The production (by photosynthesis) and consumption (by respiration and remineralisation) of dissolved oxygen is included in the model and, depending on prevailing concentrations, facilitates or inhibits the oxidation of ammonium to nitrate and its subsequent denitrification to dinitrogen gas which is then lost from the system.
More detail on how oxygen levels were modelled can be found in Baird et al. (2020).

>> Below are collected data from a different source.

lemma sum_sum_eq_single:
  fixes f :: "nat \<Rightarrow> 'b \<Rightarrow> 'a::comm_monoid_add"
  assumes "finite E" "b0 < n" "e0 \<in> E"
    and "\<And>b e. b < n \<Longrightarrow> e \<in> E \<Longrightarrow> (b, e) \<noteq> (b0, e0) \<Longrightarrow> f b e = 0"
  shows "(\<Sum>b<n. \<Sum>e\<in>E. f b e) = f b0 e0"
proof -
  have "(\<Sum>b<n. \<Sum>e\<in>E. f b e) = (\<Sum>b<n. if b = b0 then f b0 e0 else 0)"
    using assms by (intro sum.cong refl) (auto intro: sum.neutral simp: sum.remove)
  also have "\<dots> = f b0 e0" using assms(2) by simp
  finally show ?thesis .
qed

lemma solves_lrec_step_left:
  fixes a :: "nat \<Rightarrow> int \<Rightarrow> 'a::field"
  assumes "0 < n" "finite E" and supp: "\<And>b e. b < n \<Longrightarrow> a b e \<noteq> 0 \<Longrightarrow> e \<in> E"
    and top: "top_dominant n a m" and "L \<le> 0" and low: "\<And>b e. b < n \<Longrightarrow> a b e \<noteq> 0 \<Longrightarrow> L \<le> e"
    and rec: "solves_lrec n a E w"
    and zero: "\<And>k i'. i < i' \<Longrightarrow> i' \<le> i + (m - L) \<Longrightarrow> w k i' = 0"
  shows "w k i = 0"
proof -
  have m: "0 < m" "a 0 m \<noteq> 0" and high: "\<And>b e. b < n \<Longrightarrow> a b e \<noteq> 0 \<Longrightarrow> e \<le> m \<and> (b \<noteq> 0 \<longrightarrow> e < m)"
    using top by (auto simp: top_dominant_def)
  \<comment> \<open>In the recurrence at cell \<open>i + m\<close>, every term except the top one of \<open>a\<^sub>0\<close> reads the window.\<close>
  have "w (k + n) (i + m) = (\<Sum>b<n. \<Sum>e\<in>E. a b e * w (k + b) (i + m - e))"
    using rec by (simp add: solves_lrec_def)
  also have "\<dots> = a 0 m * w (k + 0) (i + m - m)"
  proof (rule sum_sum_eq_single[OF \<open>finite E\<close> \<open>0 < n\<close>])
    show "m \<in> E" using supp \<open>0 < n\<close> m by blast
    fix b e assume "b < n" "(b, e) \<noteq> (0, m)"
    show "a b e * w (k + b) (i + m - e) = 0"
    proof (cases "a b e = 0")
      case False
      then have "e < m" "L \<le> e"
        using high[OF \<open>b < n\<close> False] low[OF \<open>b < n\<close> False] \<open>(b, e) \<noteq> (0, m)\<close> by auto
      then show ?thesis using zero[of "i + m - e"] by simp
    qed simp
  qed
  finally have "a 0 m * w k i = w (k + n) (i + m)" by simp
  also have "\<dots> = 0" using zero[of "i + m"] m \<open>L \<le> 0\<close> by simp
  finally show ?thesis using m by simp
qed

Oxygen saturation percentage
The saturation state of oxygen [O2]sat is determined as a function of temperature and salinity following Weiss (1970). It represents the maximum amount of the dissolved oxygen that the water can hold. It is used to calculate the amount of oxygen exchange in the sea-air boundary. If the oxygen saturation percentage is below 100% then oxygen will be absorbed from the atmosphere. If it is above 100% then oxygen will be out-gassed from the sea into the atmosphere.
Reference
Baird, M. E., Wild-Allen, K. A., Parslow, J., Mongin, M., Robson, B., Skerratt, J., Rizwi, F., Soja-Woźniak, M., Jones, E., Herzfeld, M., Margvelashvili, N., Andrewartha, J., Langlais, C., Adams, M. P., Cherukuru, N., Gustafsson, M., Hadley, S., Ralph, P. J., Rosebrock, U., … Steven, A. D. L. (2020). CSIRO Environmental Modelling Suite (EMS): scientific description of the optical and biogeochemical models (vB3p0). Geoscientific Model Development, 13(9), 4503–4553. https://doi.org/10.5194/gmd-13-4503-2020
Weiss, R.: The solubility of nitrogen, oxygen and argon in water and seawater, Deep Sea Res., 17, 721–735, 1970.
Source data
The videos/images on this page are based on the 4km eReefs BioGeoChemical model (v4.2) run with SOURCE Catchments using Baseline catchment conditions. The model builds on the CSIRO Environmental Modelling Suite (EMS), described in the paper: Scientific description of the optical and biogeochemical models (vB3p0). The dataset metadata is available from the NCI GeoNetwork: eReefs GBR4 Biogeochemistry and Sediments v4.2 baseline catchment scenario. The raw model data is available from the NCI THREDDS server (daily, in curvilinear NetCDF format).
Data span
These results are based on a fixed time period (Dec 2010 - Apr 2019) hind-cast analysis developed for comparing changes in land practices. The river runoff used to drive the BGC model was provided by the SOURCE Catchments modelling.